WHAT THE EXERCISE ASKS
Give again the lines of the data from its first line through the line with "by (metis swap_swap)". Change nothing.

BEGIN SUPPLIED RECORDS

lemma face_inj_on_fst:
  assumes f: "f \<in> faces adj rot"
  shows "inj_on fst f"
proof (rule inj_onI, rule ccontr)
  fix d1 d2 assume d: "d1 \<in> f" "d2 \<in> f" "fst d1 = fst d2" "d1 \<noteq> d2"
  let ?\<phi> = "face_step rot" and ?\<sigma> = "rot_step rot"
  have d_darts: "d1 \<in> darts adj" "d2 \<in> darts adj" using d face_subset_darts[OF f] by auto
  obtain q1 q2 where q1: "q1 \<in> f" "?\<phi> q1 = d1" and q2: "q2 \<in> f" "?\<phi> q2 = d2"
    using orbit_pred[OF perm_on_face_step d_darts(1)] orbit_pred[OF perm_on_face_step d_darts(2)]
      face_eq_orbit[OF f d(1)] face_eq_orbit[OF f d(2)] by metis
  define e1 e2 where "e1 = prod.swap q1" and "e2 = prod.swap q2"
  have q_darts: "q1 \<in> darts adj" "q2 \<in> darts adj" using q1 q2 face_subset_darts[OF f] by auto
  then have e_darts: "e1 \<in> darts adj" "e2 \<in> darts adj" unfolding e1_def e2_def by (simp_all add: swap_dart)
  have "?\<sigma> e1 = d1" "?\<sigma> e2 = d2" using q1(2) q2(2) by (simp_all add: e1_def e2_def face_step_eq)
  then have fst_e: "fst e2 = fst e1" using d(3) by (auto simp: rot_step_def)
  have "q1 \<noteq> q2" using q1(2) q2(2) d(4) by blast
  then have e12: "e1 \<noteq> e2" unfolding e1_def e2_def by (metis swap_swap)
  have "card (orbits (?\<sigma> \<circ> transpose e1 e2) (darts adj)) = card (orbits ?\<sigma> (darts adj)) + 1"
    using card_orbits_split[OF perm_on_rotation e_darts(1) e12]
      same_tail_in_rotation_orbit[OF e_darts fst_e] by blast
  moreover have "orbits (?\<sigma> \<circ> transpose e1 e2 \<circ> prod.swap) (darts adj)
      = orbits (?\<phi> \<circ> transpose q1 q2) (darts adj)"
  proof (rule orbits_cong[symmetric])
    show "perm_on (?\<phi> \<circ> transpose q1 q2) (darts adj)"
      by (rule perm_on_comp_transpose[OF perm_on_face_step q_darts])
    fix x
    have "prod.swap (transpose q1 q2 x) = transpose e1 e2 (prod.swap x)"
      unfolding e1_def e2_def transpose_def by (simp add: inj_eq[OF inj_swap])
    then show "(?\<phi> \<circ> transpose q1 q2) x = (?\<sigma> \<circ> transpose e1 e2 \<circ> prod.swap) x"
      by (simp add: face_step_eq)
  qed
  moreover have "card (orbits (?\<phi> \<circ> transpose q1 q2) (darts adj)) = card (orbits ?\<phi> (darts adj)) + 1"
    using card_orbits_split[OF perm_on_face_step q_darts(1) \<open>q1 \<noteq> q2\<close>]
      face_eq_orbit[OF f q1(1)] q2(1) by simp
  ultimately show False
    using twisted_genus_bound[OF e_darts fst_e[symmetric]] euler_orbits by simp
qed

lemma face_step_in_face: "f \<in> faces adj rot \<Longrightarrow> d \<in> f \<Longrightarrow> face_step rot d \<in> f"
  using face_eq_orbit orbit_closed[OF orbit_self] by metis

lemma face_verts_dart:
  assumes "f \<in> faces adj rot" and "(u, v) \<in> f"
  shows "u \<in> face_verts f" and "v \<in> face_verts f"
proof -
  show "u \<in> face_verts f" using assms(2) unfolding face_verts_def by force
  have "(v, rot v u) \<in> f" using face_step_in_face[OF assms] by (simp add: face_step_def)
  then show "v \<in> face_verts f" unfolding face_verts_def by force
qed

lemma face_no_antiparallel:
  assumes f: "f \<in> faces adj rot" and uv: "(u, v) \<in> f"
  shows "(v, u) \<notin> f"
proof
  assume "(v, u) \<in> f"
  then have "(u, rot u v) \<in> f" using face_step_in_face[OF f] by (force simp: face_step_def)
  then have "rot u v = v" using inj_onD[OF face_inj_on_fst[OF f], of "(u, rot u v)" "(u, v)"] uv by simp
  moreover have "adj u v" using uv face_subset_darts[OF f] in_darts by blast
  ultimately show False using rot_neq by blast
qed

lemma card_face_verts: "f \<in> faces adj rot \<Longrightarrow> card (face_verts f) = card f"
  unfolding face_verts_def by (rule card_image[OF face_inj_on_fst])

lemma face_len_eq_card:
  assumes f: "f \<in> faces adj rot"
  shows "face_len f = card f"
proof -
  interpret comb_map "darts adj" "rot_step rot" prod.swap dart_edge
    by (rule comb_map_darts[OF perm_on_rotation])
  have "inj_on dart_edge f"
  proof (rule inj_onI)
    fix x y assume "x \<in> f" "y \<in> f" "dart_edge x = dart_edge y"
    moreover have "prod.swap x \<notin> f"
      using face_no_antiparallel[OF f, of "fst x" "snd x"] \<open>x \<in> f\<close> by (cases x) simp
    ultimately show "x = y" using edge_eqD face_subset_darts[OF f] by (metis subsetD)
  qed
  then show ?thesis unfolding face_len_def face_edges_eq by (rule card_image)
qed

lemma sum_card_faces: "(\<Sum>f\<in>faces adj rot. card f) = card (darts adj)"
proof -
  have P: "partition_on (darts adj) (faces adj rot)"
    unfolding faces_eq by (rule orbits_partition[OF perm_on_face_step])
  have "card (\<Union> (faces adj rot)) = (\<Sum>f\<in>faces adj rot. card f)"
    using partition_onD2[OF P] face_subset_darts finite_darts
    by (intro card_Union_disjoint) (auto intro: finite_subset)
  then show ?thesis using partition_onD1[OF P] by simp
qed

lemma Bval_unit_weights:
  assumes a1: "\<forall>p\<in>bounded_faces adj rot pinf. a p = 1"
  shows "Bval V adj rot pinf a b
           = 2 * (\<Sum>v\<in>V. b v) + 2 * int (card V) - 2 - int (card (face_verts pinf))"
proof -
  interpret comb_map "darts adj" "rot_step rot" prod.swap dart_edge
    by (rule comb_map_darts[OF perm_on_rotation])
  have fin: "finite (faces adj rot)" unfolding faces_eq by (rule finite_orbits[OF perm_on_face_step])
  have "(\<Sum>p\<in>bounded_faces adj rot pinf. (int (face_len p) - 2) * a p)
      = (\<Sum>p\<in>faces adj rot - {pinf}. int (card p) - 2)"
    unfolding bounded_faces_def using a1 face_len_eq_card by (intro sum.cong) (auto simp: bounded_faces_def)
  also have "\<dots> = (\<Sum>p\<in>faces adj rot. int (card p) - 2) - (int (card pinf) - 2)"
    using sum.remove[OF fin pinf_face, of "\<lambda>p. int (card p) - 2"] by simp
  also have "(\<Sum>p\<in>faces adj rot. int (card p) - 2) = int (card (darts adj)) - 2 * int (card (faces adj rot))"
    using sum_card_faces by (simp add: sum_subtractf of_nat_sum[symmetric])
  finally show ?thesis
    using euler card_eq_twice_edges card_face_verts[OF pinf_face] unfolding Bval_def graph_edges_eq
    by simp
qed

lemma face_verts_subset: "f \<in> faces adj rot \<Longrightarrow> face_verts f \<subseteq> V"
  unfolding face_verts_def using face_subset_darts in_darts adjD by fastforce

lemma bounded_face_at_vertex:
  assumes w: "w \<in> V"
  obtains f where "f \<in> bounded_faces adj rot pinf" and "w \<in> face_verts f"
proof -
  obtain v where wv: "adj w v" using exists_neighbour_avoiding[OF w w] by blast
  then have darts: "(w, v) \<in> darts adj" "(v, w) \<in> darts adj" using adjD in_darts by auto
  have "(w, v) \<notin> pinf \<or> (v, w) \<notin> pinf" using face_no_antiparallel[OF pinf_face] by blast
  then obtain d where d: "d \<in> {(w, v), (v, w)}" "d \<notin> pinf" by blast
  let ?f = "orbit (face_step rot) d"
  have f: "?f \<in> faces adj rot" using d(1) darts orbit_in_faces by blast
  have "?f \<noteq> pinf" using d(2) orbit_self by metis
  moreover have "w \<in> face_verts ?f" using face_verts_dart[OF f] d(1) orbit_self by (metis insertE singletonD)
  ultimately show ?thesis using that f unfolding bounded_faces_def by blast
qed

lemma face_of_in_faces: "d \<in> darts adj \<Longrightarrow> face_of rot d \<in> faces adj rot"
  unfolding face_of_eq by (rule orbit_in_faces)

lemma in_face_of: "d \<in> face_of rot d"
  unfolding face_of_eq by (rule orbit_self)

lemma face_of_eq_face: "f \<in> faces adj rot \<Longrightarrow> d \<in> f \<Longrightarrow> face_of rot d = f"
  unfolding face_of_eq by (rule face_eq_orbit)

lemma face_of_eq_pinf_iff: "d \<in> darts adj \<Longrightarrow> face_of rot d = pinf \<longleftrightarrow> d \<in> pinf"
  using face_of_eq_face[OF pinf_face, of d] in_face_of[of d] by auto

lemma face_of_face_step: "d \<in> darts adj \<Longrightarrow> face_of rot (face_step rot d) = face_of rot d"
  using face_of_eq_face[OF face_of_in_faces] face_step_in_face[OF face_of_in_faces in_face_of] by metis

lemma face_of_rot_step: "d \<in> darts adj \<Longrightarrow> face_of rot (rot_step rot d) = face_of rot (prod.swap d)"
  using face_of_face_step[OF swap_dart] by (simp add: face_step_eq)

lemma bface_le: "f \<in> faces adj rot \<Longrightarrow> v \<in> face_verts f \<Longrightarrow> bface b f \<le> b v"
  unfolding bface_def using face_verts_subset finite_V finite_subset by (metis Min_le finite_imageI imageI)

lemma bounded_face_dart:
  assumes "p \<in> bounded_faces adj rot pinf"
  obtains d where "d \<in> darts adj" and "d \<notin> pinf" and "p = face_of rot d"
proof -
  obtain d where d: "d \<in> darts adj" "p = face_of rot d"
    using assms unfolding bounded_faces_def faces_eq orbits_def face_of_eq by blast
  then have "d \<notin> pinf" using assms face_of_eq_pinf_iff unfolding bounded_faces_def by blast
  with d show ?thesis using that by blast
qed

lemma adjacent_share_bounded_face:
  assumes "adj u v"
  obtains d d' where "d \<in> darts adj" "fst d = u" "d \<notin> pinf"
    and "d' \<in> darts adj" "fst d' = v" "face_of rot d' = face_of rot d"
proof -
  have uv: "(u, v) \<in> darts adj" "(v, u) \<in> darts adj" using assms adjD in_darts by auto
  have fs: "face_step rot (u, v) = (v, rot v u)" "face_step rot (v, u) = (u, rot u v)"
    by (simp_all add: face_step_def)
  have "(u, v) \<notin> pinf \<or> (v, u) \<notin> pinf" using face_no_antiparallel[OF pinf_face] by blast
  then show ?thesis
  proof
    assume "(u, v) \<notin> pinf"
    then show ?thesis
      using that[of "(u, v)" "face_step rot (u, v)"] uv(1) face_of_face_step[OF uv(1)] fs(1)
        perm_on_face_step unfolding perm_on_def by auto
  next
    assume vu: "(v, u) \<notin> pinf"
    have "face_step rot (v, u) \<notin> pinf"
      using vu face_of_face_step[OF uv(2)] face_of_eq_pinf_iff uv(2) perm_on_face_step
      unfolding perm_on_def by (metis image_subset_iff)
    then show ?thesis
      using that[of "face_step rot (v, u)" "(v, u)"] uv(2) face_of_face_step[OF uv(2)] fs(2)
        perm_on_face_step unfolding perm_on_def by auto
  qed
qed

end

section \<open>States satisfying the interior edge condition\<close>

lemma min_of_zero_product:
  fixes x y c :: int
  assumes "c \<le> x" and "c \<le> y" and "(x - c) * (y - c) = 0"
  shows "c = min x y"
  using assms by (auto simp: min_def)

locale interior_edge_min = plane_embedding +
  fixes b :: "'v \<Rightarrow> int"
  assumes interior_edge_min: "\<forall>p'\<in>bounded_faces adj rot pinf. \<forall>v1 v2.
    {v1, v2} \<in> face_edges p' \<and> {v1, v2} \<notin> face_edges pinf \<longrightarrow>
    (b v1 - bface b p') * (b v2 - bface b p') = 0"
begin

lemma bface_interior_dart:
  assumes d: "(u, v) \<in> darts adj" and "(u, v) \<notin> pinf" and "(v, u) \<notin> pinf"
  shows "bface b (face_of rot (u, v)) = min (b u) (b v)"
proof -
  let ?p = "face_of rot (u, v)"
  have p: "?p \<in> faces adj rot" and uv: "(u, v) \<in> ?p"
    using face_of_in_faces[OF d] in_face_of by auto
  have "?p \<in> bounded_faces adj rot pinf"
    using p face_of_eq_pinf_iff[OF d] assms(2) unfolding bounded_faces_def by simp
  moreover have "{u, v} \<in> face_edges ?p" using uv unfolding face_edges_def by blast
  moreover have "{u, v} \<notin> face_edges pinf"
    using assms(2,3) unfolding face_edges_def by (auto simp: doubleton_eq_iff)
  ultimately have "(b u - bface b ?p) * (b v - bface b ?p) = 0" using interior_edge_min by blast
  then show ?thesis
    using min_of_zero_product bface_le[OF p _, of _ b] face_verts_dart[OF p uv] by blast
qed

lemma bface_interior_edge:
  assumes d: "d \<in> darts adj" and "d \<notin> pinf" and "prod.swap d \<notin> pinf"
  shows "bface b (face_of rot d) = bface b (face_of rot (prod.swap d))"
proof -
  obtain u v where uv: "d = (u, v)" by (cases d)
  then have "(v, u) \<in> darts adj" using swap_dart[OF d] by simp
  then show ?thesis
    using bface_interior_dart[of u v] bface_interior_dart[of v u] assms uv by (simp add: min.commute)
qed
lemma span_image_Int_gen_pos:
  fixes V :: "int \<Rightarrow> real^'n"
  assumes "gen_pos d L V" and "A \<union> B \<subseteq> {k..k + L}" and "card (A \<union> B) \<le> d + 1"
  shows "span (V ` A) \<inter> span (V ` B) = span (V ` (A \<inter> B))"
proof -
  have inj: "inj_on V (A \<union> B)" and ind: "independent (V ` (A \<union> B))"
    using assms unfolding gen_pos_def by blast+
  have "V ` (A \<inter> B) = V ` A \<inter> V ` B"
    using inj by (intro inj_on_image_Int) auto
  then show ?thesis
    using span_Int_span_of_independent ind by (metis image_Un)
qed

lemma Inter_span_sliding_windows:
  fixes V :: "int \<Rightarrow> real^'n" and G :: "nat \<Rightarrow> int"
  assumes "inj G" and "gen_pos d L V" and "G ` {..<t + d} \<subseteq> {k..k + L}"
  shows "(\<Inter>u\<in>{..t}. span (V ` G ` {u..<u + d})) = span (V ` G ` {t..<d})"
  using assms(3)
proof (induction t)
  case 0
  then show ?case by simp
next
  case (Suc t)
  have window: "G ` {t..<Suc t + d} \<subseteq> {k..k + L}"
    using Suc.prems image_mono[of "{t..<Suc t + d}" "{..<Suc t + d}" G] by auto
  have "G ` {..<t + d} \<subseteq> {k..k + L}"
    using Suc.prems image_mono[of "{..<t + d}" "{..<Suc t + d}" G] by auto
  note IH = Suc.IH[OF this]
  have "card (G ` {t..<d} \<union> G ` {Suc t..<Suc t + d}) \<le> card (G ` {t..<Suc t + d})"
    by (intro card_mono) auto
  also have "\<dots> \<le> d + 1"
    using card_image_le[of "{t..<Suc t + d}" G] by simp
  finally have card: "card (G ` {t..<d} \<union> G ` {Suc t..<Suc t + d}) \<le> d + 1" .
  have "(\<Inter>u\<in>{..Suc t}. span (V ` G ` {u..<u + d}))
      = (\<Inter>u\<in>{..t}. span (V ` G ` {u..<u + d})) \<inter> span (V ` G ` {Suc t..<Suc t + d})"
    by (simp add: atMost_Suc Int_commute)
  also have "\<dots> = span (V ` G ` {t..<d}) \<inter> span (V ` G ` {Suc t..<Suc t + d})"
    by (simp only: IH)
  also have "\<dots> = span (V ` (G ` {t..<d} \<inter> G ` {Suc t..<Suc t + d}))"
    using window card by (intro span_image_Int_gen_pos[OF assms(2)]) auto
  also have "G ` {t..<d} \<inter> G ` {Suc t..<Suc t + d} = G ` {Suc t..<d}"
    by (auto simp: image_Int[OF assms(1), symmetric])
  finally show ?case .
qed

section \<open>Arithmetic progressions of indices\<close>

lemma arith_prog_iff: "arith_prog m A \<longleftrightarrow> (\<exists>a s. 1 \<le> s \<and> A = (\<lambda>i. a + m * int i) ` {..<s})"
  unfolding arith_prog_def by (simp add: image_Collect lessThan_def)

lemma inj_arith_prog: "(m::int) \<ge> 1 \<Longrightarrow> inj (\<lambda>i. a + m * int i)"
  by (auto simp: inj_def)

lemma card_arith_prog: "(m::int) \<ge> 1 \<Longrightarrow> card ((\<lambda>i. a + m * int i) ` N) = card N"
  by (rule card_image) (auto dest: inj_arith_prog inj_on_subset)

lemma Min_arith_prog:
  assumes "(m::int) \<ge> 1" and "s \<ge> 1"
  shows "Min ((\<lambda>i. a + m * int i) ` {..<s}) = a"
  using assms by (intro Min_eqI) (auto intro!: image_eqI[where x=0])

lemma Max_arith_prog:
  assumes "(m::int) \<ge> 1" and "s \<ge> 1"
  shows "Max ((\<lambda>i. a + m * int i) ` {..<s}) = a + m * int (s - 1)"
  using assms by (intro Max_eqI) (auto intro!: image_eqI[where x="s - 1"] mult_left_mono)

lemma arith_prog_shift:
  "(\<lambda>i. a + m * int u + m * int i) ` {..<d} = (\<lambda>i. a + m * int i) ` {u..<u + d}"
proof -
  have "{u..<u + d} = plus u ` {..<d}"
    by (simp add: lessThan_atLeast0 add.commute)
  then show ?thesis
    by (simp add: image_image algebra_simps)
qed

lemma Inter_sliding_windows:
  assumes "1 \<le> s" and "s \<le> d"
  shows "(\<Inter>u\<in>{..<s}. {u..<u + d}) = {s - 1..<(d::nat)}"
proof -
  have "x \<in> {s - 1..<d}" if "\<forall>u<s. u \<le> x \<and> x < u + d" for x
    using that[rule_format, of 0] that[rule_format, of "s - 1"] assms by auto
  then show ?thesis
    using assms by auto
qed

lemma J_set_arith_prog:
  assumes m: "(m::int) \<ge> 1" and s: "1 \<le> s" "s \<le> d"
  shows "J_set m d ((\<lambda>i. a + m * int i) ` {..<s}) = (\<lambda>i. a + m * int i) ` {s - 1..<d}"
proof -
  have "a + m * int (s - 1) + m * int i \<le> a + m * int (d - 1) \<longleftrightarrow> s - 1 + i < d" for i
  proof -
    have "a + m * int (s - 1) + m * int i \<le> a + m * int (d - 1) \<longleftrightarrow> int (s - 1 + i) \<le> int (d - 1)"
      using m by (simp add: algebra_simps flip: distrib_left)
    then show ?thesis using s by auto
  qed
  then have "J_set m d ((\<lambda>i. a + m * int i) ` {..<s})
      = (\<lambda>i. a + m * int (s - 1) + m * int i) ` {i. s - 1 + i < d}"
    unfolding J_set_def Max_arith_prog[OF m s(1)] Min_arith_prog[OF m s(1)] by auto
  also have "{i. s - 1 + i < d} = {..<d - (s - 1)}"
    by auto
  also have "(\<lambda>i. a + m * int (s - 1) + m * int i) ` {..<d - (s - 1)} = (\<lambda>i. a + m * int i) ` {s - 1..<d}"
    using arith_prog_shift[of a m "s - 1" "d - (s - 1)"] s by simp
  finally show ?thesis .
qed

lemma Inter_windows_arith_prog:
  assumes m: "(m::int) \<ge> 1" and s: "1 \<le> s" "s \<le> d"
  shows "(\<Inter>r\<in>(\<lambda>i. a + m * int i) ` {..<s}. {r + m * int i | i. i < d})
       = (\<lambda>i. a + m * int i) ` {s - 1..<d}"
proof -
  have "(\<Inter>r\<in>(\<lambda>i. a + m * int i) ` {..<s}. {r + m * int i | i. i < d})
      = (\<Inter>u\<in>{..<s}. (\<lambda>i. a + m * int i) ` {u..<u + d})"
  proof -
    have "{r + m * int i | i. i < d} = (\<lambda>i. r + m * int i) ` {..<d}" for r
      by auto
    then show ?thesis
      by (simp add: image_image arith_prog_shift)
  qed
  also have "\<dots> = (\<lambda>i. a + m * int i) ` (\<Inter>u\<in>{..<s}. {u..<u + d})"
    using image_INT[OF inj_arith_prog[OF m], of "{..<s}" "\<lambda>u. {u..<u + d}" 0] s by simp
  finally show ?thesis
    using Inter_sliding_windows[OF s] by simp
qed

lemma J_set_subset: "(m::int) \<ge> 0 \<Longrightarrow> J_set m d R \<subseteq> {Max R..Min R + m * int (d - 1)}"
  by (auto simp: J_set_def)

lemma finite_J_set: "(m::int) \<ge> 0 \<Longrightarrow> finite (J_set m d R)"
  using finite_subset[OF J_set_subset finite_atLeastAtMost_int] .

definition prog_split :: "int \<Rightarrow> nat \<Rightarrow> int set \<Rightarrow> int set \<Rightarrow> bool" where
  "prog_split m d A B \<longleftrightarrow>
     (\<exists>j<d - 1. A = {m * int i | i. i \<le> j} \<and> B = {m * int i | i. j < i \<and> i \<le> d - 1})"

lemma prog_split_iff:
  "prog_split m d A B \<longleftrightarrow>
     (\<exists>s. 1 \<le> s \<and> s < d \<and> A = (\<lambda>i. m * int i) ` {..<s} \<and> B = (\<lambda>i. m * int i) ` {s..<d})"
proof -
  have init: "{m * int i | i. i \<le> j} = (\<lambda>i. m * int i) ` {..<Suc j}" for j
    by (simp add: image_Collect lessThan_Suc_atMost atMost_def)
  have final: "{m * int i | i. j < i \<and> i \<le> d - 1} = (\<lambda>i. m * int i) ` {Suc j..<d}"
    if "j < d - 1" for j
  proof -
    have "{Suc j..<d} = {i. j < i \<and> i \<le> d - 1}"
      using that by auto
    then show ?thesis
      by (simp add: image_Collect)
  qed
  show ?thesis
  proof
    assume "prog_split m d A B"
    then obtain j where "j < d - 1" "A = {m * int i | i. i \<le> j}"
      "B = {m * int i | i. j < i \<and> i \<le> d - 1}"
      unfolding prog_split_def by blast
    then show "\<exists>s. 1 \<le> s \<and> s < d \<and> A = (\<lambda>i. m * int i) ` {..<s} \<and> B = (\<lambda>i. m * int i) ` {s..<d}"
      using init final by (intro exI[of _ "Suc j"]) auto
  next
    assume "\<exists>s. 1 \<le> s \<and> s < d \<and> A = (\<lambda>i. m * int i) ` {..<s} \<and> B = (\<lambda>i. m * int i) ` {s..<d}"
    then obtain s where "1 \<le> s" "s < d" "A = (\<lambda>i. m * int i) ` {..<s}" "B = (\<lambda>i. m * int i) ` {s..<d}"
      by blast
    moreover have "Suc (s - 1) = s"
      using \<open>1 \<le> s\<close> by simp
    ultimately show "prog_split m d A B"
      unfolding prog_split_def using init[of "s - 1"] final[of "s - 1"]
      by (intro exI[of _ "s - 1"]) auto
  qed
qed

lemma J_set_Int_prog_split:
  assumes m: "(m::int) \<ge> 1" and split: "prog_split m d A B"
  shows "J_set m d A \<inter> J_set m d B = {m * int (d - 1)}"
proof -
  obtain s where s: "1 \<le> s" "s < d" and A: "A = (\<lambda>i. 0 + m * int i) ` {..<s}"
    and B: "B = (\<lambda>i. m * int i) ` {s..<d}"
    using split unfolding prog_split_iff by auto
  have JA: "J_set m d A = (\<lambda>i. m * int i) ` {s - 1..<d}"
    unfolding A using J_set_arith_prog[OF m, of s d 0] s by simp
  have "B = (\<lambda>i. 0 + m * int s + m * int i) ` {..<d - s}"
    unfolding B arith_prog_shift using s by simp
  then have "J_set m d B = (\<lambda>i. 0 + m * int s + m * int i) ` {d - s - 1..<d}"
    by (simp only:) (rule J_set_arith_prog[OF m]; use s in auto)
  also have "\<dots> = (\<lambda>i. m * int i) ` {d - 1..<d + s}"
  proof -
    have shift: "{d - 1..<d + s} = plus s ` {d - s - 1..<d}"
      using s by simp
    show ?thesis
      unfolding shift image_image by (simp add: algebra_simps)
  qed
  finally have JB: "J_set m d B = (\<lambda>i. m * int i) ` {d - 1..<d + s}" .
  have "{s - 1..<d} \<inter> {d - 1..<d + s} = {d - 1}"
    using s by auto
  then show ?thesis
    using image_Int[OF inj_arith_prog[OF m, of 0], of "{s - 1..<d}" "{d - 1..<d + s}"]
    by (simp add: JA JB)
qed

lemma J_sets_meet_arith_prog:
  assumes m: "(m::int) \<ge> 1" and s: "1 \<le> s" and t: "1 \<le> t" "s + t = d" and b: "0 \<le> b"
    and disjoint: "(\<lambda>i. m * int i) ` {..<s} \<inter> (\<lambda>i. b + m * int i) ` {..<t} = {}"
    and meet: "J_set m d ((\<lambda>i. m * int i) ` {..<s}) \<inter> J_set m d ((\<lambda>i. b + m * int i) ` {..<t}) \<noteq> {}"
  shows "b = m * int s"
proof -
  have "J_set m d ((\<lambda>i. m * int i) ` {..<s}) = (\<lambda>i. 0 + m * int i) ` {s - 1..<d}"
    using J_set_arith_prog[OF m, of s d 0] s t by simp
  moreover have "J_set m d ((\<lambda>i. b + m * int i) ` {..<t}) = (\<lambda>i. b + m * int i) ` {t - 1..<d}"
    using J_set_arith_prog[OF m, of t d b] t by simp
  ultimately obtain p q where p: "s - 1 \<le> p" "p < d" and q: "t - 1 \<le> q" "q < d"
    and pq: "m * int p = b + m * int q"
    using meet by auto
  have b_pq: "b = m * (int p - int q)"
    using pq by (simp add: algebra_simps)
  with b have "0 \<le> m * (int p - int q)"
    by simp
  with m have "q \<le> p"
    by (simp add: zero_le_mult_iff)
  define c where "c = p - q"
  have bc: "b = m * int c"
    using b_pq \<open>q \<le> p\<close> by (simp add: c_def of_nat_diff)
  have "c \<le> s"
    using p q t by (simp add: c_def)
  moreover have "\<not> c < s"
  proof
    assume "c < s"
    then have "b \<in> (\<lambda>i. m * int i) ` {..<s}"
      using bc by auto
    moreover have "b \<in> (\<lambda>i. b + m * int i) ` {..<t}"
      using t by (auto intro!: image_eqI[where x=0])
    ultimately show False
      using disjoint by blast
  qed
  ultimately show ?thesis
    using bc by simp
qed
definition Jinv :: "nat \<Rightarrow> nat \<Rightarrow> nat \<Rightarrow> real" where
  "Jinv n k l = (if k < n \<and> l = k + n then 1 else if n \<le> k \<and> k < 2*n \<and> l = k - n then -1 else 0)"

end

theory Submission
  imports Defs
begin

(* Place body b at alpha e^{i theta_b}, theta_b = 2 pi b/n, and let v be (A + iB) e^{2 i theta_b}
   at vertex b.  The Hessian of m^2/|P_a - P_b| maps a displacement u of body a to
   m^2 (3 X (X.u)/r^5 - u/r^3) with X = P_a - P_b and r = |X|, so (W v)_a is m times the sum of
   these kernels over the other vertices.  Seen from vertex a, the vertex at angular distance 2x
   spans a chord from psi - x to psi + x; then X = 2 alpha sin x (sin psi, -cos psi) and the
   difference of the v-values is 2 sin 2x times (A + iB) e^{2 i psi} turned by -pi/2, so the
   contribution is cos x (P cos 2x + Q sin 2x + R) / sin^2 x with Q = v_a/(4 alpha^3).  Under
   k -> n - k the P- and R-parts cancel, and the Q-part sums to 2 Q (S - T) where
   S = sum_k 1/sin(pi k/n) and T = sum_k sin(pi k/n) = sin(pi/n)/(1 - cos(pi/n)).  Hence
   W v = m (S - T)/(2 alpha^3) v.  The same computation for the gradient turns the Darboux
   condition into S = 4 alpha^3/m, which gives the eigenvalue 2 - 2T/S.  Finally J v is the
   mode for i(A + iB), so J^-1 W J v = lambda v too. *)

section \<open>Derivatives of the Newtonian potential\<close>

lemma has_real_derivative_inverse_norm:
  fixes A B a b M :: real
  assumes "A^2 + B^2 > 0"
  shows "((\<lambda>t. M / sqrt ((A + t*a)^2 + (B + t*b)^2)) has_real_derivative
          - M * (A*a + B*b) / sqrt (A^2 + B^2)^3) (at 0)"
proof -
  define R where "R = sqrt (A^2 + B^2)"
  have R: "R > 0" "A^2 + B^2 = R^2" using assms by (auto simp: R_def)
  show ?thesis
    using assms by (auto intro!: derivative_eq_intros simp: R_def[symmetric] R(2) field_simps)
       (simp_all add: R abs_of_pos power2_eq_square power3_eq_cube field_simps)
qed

END SUPPLIED RECORDS

EXERCISE RESULT
lemma face_inj_on_fst:
  assumes f: "f \<in> faces adj rot"
  shows "inj_on fst f"
proof (rule inj_onI, rule ccontr)
  fix d1 d2 assume d: "d1 \<in> f" "d2 \<in> f" "fst d1 = fst d2" "d1 \<noteq> d2"
  let ?\<phi> = "face_step rot" and ?\<sigma> = "rot_step rot"
  have d_darts: "d1 \<in> darts adj" "d2 \<in> darts adj" using d face_subset_darts[OF f] by auto
  obtain q1 q2 where q1: "q1 \<in> f" "?\<phi> q1 = d1" and q2: "q2 \<in> f" "?\<phi> q2 = d2"
    using orbit_pred[OF perm_on_face_step d_darts(1)] orbit_pred[OF perm_on_face_step d_darts(2)]
      face_eq_orbit[OF f d(1)] face_eq_orbit[OF f d(2)] by metis
  define e1 e2 where "e1 = prod.swap q1" and "e2 = prod.swap q2"
  have q_darts: "q1 \<in> darts adj" "q2 \<in> darts adj" using q1 q2 face_subset_darts[OF f] by auto
  then have e_darts: "e1 \<in> darts adj" "e2 \<in> darts adj" unfolding e1_def e2_def by (simp_all add: swap_dart)
  have "?\<sigma> e1 = d1" "?\<sigma> e2 = d2" using q1(2) q2(2) by (simp_all add: e1_def e2_def face_step_eq)
  then have fst_e: "fst e2 = fst e1" using d(3) by (auto simp: rot_step_def)
  have "q1 \<noteq> q2" using q1(2) q2(2) d(4) by blast
  then have e12: "e1 \<noteq> e2" unfolding e1_def e2_def by (metis swap_swap)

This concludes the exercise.